- _What the task requires_
Look through the data that follows and say how many of its lines contain "deterministic", giving the number only.

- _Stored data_
(* Let $k\ge 2$. For every deterministic algorithm that solves the $k$-ribbon problem on oriented line graphs of every length with identical agents (even when endpoints know they are endpoints), and for every $n$, there is an execution on a line of $n$ agents (some choice of starting agent) in which some agent has not decided its color before round $(2-\frac1k)n-3$.
   Context: Message passing model (1D): line of $n$ agents, synchronous rounds, reliable messages between neighbors, identical agents with a common sense of direction and no knowledge of $n$ or their position; initially only one arbitrary starting agent is awake and other agents wake upon receiving a message. The $k$-ribbon problem: every agent outputs a color in $\{1,\dots,k\}$ with each color class contiguous, colors increasing from left to right, and class sizes differing by at most $1$. *)

theory Defs
  imports Complex_Main
begin

text \<open>A deterministic distributed algorithm for identical agents on an oriented line. Agent positions are 0..n-1, 0 = leftmost.
  The two boolean flags tell an agent whether it has a left / right neighbour
  (so endpoints know they are endpoints).
  - alg_init: state of the spontaneously awake starting agent at time 0;
  - alg_wake: state of a sleeping agent after it receives its first message(s)
      (messages from left / right neighbour, at least one present);
  - alg_send: messages an awake agent sends to its left / right neighbour in a round;
  - alg_trans: state update of an awake agent given received messages (left, right);
  - alg_out: decided colour (None = undecided).\<close>

record ('s, 'm) alg =
  alg_init  :: "bool \<Rightarrow> bool \<Rightarrow> 's"
  alg_wake  :: "bool \<Rightarrow> bool \<Rightarrow> 'm option \<Rightarrow> 'm option \<Rightarrow> 's"
  alg_send  :: "'s \<Rightarrow> 'm option \<times> 'm option"
  alg_trans :: "'s \<Rightarrow> 'm option \<Rightarrow> 'm option \<Rightarrow> 's"
  alg_out   :: "'s \<Rightarrow> nat option"

text \<open>Configuration: state of each agent, None = asleep.\<close>

definition msg_from_left :: "('s, 'm) alg \<Rightarrow> (nat \<Rightarrow> 's option) \<Rightarrow> nat \<Rightarrow> 'm option" where
  "msg_from_left A c i =
     (if i = 0 then None else
      (case c (i - 1) of None \<Rightarrow> None | Some st \<Rightarrow> snd (alg_send A st)))"

definition msg_from_right :: "('s, 'm) alg \<Rightarrow> nat \<Rightarrow> (nat \<Rightarrow> 's option) \<Rightarrow> nat \<Rightarrow> 'm option" where
  "msg_from_right A n c i =
     (if i + 1 \<ge> n then None else
      (case c (i + 1) of None \<Rightarrow> None | Some st \<Rightarrow> fst (alg_send A st)))"

definition step :: "('s, 'm) alg \<Rightarrow> nat \<Rightarrow> (nat \<Rightarrow> 's option) \<Rightarrow> (nat \<Rightarrow> 's option)" where
  "step A n c = (\<lambda>i. if i < n then
      (let mL = msg_from_left A c i; mR = msg_from_right A n c i in
       case c i of
         Some st \<Rightarrow> Some (alg_trans A st mL mR)
       | None \<Rightarrow> (if mL = None \<and> mR = None then None
                  else Some (alg_wake A (0 < i) (i + 1 < n) mL mR)))
    else None)"

fun run :: "('s, 'm) alg \<Rightarrow> nat \<Rightarrow> nat \<Rightarrow> nat \<Rightarrow> (nat \<Rightarrow> 's option)" where
  "run A n s 0 = (\<lambda>i. if i = s \<and> i < n then Some (alg_init A (0 < i) (i + 1 < n)) else None)"
| "run A n s (Suc t) = step A n (run A n s t)"

definition agent_output :: "('s, 'm) alg \<Rightarrow> nat \<Rightarrow> nat \<Rightarrow> nat \<Rightarrow> nat \<Rightarrow> nat option" where
  "agent_output A n s t i = (case run A n s t i of None \<Rightarrow> None | Some st \<Rightarrow> alg_out A st)"

text \<open>k-ribbon colouring of agents 0..n-1 (0 leftmost): colours in {1..k}, non-decreasing
  left to right (hence each class contiguous and colours increasing), class sizes differ by
  at most one.\<close>

definition is_ribbon :: "nat \<Rightarrow> nat \<Rightarrow> (nat \<Rightarrow> nat) \<Rightarrow> bool" where
  "is_ribbon k n c \<longleftrightarrow>
     (\<forall>i<n. 1 \<le> c i \<and> c i \<le> k) \<and>
     (\<forall>i j. i \<le> j \<and> j < n \<longrightarrow> c i \<le> c j) \<and>
     (\<forall>a\<in>{1..k}. \<forall>b\<in>{1..k}.
        card {i. i < n \<and> c i = a} \<le> card {i. i < n \<and> c i = b} + 1)"

definition solves_ribbon :: "('s, 'm) alg \<Rightarrow> nat \<Rightarrow> bool" where
  "solves_ribbon A k \<longleftrightarrow>
     (\<forall>n s. 1 \<le> n \<and> s < n \<longrightarrow>
        (\<exists>c. is_ribbon k n c \<and>
           (\<forall>i<n. (\<exists>t. agent_output A n s t i = Some (c i)) \<and>
                  (\<forall>t v. agent_output A n s t i = Some v \<longrightarrow> v = c i) \<and>
                  (\<forall>t. agent_output A n s t i \<noteq> None \<longrightarrow> agent_output A n s (Suc t) i \<noteq> None))))"

end

theory Submission
  imports Defs
begin

text \<open>Start the algorithm at the left end. Information travels one agent per round, so up to
  round \<open>2n - i - 3\<close> agent \<open>i\<close> cannot tell the line of length \<open>n\<close> from any longer line: the
  wake-up wave needs \<open>n - 1\<close> rounds to reach the right end and \<open>n - 1 - i\<close> more to report back.
  For \<open>i = \<lceil>n/k\<rceil>\<close> agent \<open>i\<close> lies outside colour class 1 on the line of length \<open>n\<close> (that class has
  at most \<open>\<lceil>n/k\<rceil>\<close> members) but inside it on the line of length \<open>k(i + 2)\<close>, so it cannot have
  decided before round \<open>2n - \<lceil>n/k\<rceil> - 2 \<ge> (2 - 1/k)n - 3\<close>.\<close>

lemma run_from_left_end_asleep:
  "t < i \<Longrightarrow> run A n 0 t i = None"
proof (induction t arbitrary: i)
  case (Suc t)
  then have "msg_from_left A (run A n 0 t) i = None" "msg_from_right A n (run A n 0 t) i = None"
    by (auto simp: msg_from_left_def msg_from_right_def split: option.splits)
  with Suc show ?case by (simp add: step_def Let_def)
qed simp

lemma run_from_left_end_longer_line:
  assumes "n \<le> n'" and "i + t + 2 < 2 * n"
  shows "run A n 0 t i = run A n' 0 t i"
  using assms(2)
proof (induction t arbitrary: i)
  case (Suc t)
  show ?case
  proof (cases "Suc t < i")
    case True
    then show ?thesis by (simp only: run_from_left_end_asleep)
  next
    case False
    then have inside: "i < n" "i < n'" "i + 1 < n" "i + 1 < n'"
      using Suc.prems assms(1) by auto
    have same_state: "run A n 0 t j = run A n' 0 t j" if "j \<le> i + 1" for j
      using Suc.IH Suc.prems that by simp
    have "msg_from_left A (run A n 0 t) i = msg_from_left A (run A n' 0 t) i"
      using same_state[of "i - 1"] by (simp add: msg_from_left_def)
    moreover have "msg_from_right A n (run A n 0 t) i = msg_from_right A n' (run A n' 0 t) i"
      using same_state[of "i + 1"] inside by (simp add: msg_from_right_def)
    ultimately show ?thesis
      using same_state[of i] inside by (simp add: step_def Let_def split: option.split)
  qed
qed (use assms(1) in auto)

lemma ribbon_class_cards_sum:
  fixes c :: "nat \<Rightarrow> nat"
  assumes "\<forall>j<n. 1 \<le> c j \<and> c j \<le> k"
  shows "(\<Sum>a\<in>{1..k}. card {j. j < n \<and> c j = a}) = n"
proof -
  have "{..<n} = (\<Union>a\<in>{1..k}. {j. j < n \<and> c j = a})"
    using assms by auto
  moreover have "card (\<Union>a\<in>{1..k}. {j. j < n \<and> c j = a}) = (\<Sum>a\<in>{1..k}. card {j. j < n \<and> c j = a})"
    by (intro card_UN_disjoint) auto
  ultimately show ?thesis
    by (metis card_lessThan)
qed

lemma ribbon_class_card_bounds:
  assumes "is_ribbon k n c" and "a \<in> {1..k}"
  shows "k * card {j. j < n \<and> c j = a} \<le> n + k - 1"
    and "n \<le> k * card {j. j < n \<and> c j = a} + k - 1"
proof -
  define f where "f b = card {j. j < n \<and> c j = b}" for b
  define B where "B = {1..k} - {a}"
  have range: "\<forall>j<n. 1 \<le> c j \<and> c j \<le> k"
    and balanced: "\<And>b b'. b \<in> {1..k} \<Longrightarrow> b' \<in> {1..k} \<Longrightarrow> f b \<le> f b' + 1"
    using assms(1) unfolding is_ribbon_def f_def by auto
  have card_B: "card B = k - 1"
    using assms(2) unfolding B_def by simp
  have n_split: "n = f a + sum f B"
    using ribbon_class_cards_sum[OF range] assms(2)
    unfolding B_def f_def by (simp add: sum.remove)
  have "sum f B \<le> (k - 1) * (f a + 1)"
    using sum_bounded_above[of B f "f a + 1"] balanced assms(2) card_B unfolding B_def by auto
  moreover have "(k - 1) * f a \<le> sum (\<lambda>b. f b + 1) B"
    using sum_bounded_below[of B "f a" "\<lambda>b. f b + 1"] balanced assms(2) card_B
    unfolding B_def by auto
  moreover have "sum (\<lambda>b. f b + 1) B = sum f B + (k - 1)"
    by (simp add: sum.distrib card_B del: add_Suc_right Suc_eq_plus1 plus_1_eq_Suc)
  moreover obtain k' where "k = Suc k'"
    using assms(2) by (cases k) auto
  ultimately show "k * f a \<le> n + k - 1" and "n \<le> k * f a + k - 1"
    using n_split by (simp_all add: algebra_simps)
qed

lemma ribbon_colour_1_iff:
  assumes "is_ribbon k n c" and "i < n"
  shows "c i = 1 \<longleftrightarrow> i < card {j. j < n \<and> c j = 1}"
proof -
  have mono: "\<And>j j'. j \<le> j' \<Longrightarrow> j' < n \<Longrightarrow> c j \<le> c j'"
    and pos: "\<And>j. j < n \<Longrightarrow> 1 \<le> c j"
    using assms(1) unfolding is_ribbon_def by auto
  show ?thesis
  proof
    assume "c i = 1"
    have "{..i} \<subseteq> {j. j < n \<and> c j = 1}"
    proof
      fix j assume "j \<in> {..i}"
      then show "j \<in> {j. j < n \<and> c j = 1}"
        using mono[of j i] pos[of j] assms(2) \<open>c i = 1\<close> by auto
    qed
    from card_mono[OF _ this] show "i < card {j. j < n \<and> c j = 1}"
      by simp
  next
    assume "i < card {j. j < n \<and> c j = 1}"
    show "c i = 1"
    proof (rule ccontr)
      assume "c i \<noteq> 1"
      have "{j. j < n \<and> c j = 1} \<subseteq> {..<i}"
      proof
        fix j assume "j \<in> {j. j < n \<and> c j = 1}"
        then show "j \<in> {..<i}"
          using mono[of i j] pos[of i] \<open>c i \<noteq> 1\<close> by (cases "i \<le> j") auto
      qed
      from card_mono[OF _ this] \<open>i < card _\<close> show False
        by simp
    qed
  qed
qed

lemma solves_ribbon_decisions:
  assumes "solves_ribbon A k" and "s < n"
  obtains c where "is_ribbon k n c"
    and "\<And>i t v. i < n \<Longrightarrow> agent_output A n s t i = Some v \<Longrightarrow> v = c i"
proof -
  have "1 \<le> n \<and> s < n"
    using assms(2) by simp
  from assms(1)[unfolded solves_ribbon_def, rule_format, OF this]
  obtain c where "is_ribbon k n c"
      and "\<forall>i<n. \<forall>t v. agent_output A n s t i = Some v \<longrightarrow> v = c i"
    by auto
  with that show ?thesis
    by simp
qed

lemma ribbon_undecided_while_indistinguishable:
  assumes "solves_ribbon A k" and "k \<ge> 1"
    and "i < n" and "n \<le> k * i" and "i + t + 2 < 2 * n"
  shows "agent_output A n 0 t i = None"
proof (rule ccontr)
  assume "agent_output A n 0 t i \<noteq> None"
  then obtain v where decided: "agent_output A n 0 t i = Some v"
    by blast
  define n' where "n' = k * (i + 2)"
  have "n \<le> n'" and "i < n'"
    using assms(2-4) unfolding n'_def by (auto simp: algebra_simps)
  then have decided': "agent_output A n' 0 t i = Some v"
    using decided run_from_left_end_longer_line[OF \<open>n \<le> n'\<close> assms(5), of A]
    by (simp add: agent_output_def)
  have "0 < n" and "0 < n'"
    using assms(3) \<open>i < n'\<close> by simp_all
  obtain c where c: "is_ribbon k n c"
      and "\<And>j t v. j < n \<Longrightarrow> agent_output A n 0 t j = Some v \<Longrightarrow> v = c j"
    using solves_ribbon_decisions[OF assms(1) \<open>0 < n\<close>] by blast
  with decided assms(3) have "v = c i"
    by blast
  obtain c' where c': "is_ribbon k n' c'"
      and "\<And>j t v. j < n' \<Longrightarrow> agent_output A n' 0 t j = Some v \<Longrightarrow> v = c' j"
    using solves_ribbon_decisions[OF assms(1) \<open>0 < n'\<close>] by blast
  with decided' \<open>i < n'\<close> have "v = c' i"
    by blast
  have "k * card {j. j < n \<and> c j = 1} < k * (i + 1)"
    using ribbon_class_card_bounds(1)[OF c, of 1] assms(2,4) by simp
  then have "\<not> i < card {j. j < n \<and> c j = 1}"
    unfolding mult_less_cancel1 by simp
  then have "c i \<noteq> 1"
    using ribbon_colour_1_iff[OF c assms(3)] by simp
  moreover have "k * (i + 1) < k * card {j. j < n' \<and> c' j = 1}"
    using ribbon_class_card_bounds(2)[OF c', of 1] assms(2) unfolding n'_def by simp
  then have "i < card {j. j < n' \<and> c' j = 1}"
    unfolding mult_less_cancel1 by simp
  then have "c' i = 1"
    using ribbon_colour_1_iff[OF c' \<open>i < n'\<close>] by simp
  ultimately show False
    using \<open>v = c i\<close> \<open>v = c' i\<close> by simp
qed

lemma round_add_less_double_if_below_bound:
  assumes "k \<ge> 1" and "k * i \<le> n + k - 1"
    and "real t < (2 - 1 / real k) * real n - 3"
  shows "i + t + 2 < 2 * n"
proof -
  have "real (k * i) \<le> real (n + k - 1)"
    using assms(2) by (simp only: of_nat_le_iff)
  then have "real k * real i \<le> real n + real k - 1"
    using assms(1) by (simp add: of_nat_diff)
  then have "real i \<le> (real n + real k - 1) / real k"
    using assms(1) by (simp add: pos_le_divide_eq mult.commute)
  also have "\<dots> = real n / real k + 1 - 1 / real k"
    using assms(1) by (simp add: diff_divide_distrib add_divide_distrib)
  moreover have "(2 - 1 / real k) * real n = 2 * real n - real n / real k"
    by (simp add: algebra_simps)
  moreover have "0 < 1 / real k"
    using assms(1) by simp
  ultimately have "real i + real t + 2 < 2 * real n"
    using assms(3) by linarith
  then show ?thesis
    by linarith
qed

lemma round_up_div_bounds:
  fixes k n :: nat
  assumes "k \<ge> 2" and "n \<ge> 2"
  shows "n \<le> k * ((n + k - 1) div k)" and "k * ((n + k - 1) div k) \<le> n + k - 1"
    and "(n + k - 1) div k < n"
proof -
  have "k * ((n + k - 1) div k) + (n + k - 1) mod k = n + k - 1"
    by (simp only: mult_div_mod_eq)
  moreover have "(n + k - 1) mod k < k"
    using assms(1) by simp
  ultimately show "n \<le> k * ((n + k - 1) div k)" and "k * ((n + k - 1) div k) \<le> n + k - 1"
    by linarith+
  moreover have "n + k - 1 < k * n"
    using assms mult_le_mono1[of 2 k "n - 1"] by (simp add: diff_mult_distrib2)
  ultimately have "k * ((n + k - 1) div k) < k * n"
    by linarith
  then show "(n + k - 1) div k < n"
    by simp
qed

theorem theorem7:
  fixes A :: "('s, 'm) alg" and k n :: nat
  assumes "k \<ge> 2" and "solves_ribbon A k" and "n \<ge> 1"
  shows "\<exists>s<n. \<exists>i<n. \<forall>t. real t < (2 - 1 / real k) * real n - 3 \<longrightarrow> agent_output A n s t i = None"
proof (cases "n = 1")
  case True
  have "(2 - 1 / real k) * real n - 3 = - 1 - 1 / real k"
    using True by simp
  moreover have "0 \<le> 1 / real k"
    by simp
  ultimately have "(2 - 1 / real k) * real n - 3 < 0"
    by linarith
  with True show ?thesis
    by auto
next
  case False
  define i where "i = (n + k - 1) div k"
  have "n \<le> k * i" and round_up: "k * i \<le> n + k - 1" and "i < n"
    using round_up_div_bounds[of k n] False assms(1,3) unfolding i_def by simp_all
  have "\<forall>t. real t < (2 - 1 / real k) * real n - 3 \<longrightarrow> agent_output A n 0 t i = None"
    using ribbon_undecided_while_indistinguishable[OF assms(2) _ \<open>i < n\<close> \<open>n \<le> k * i\<close>]
      round_add_less_double_if_below_bound[OF _ round_up] assms(1) by simp
  moreover have "0 < n"
    using \<open>i < n\<close> by simp
  ultimately show ?thesis
    using \<open>i < n\<close> by (intro exI[of _ 0] exI[of _ i] conjI)
qed

end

- _Response below_
2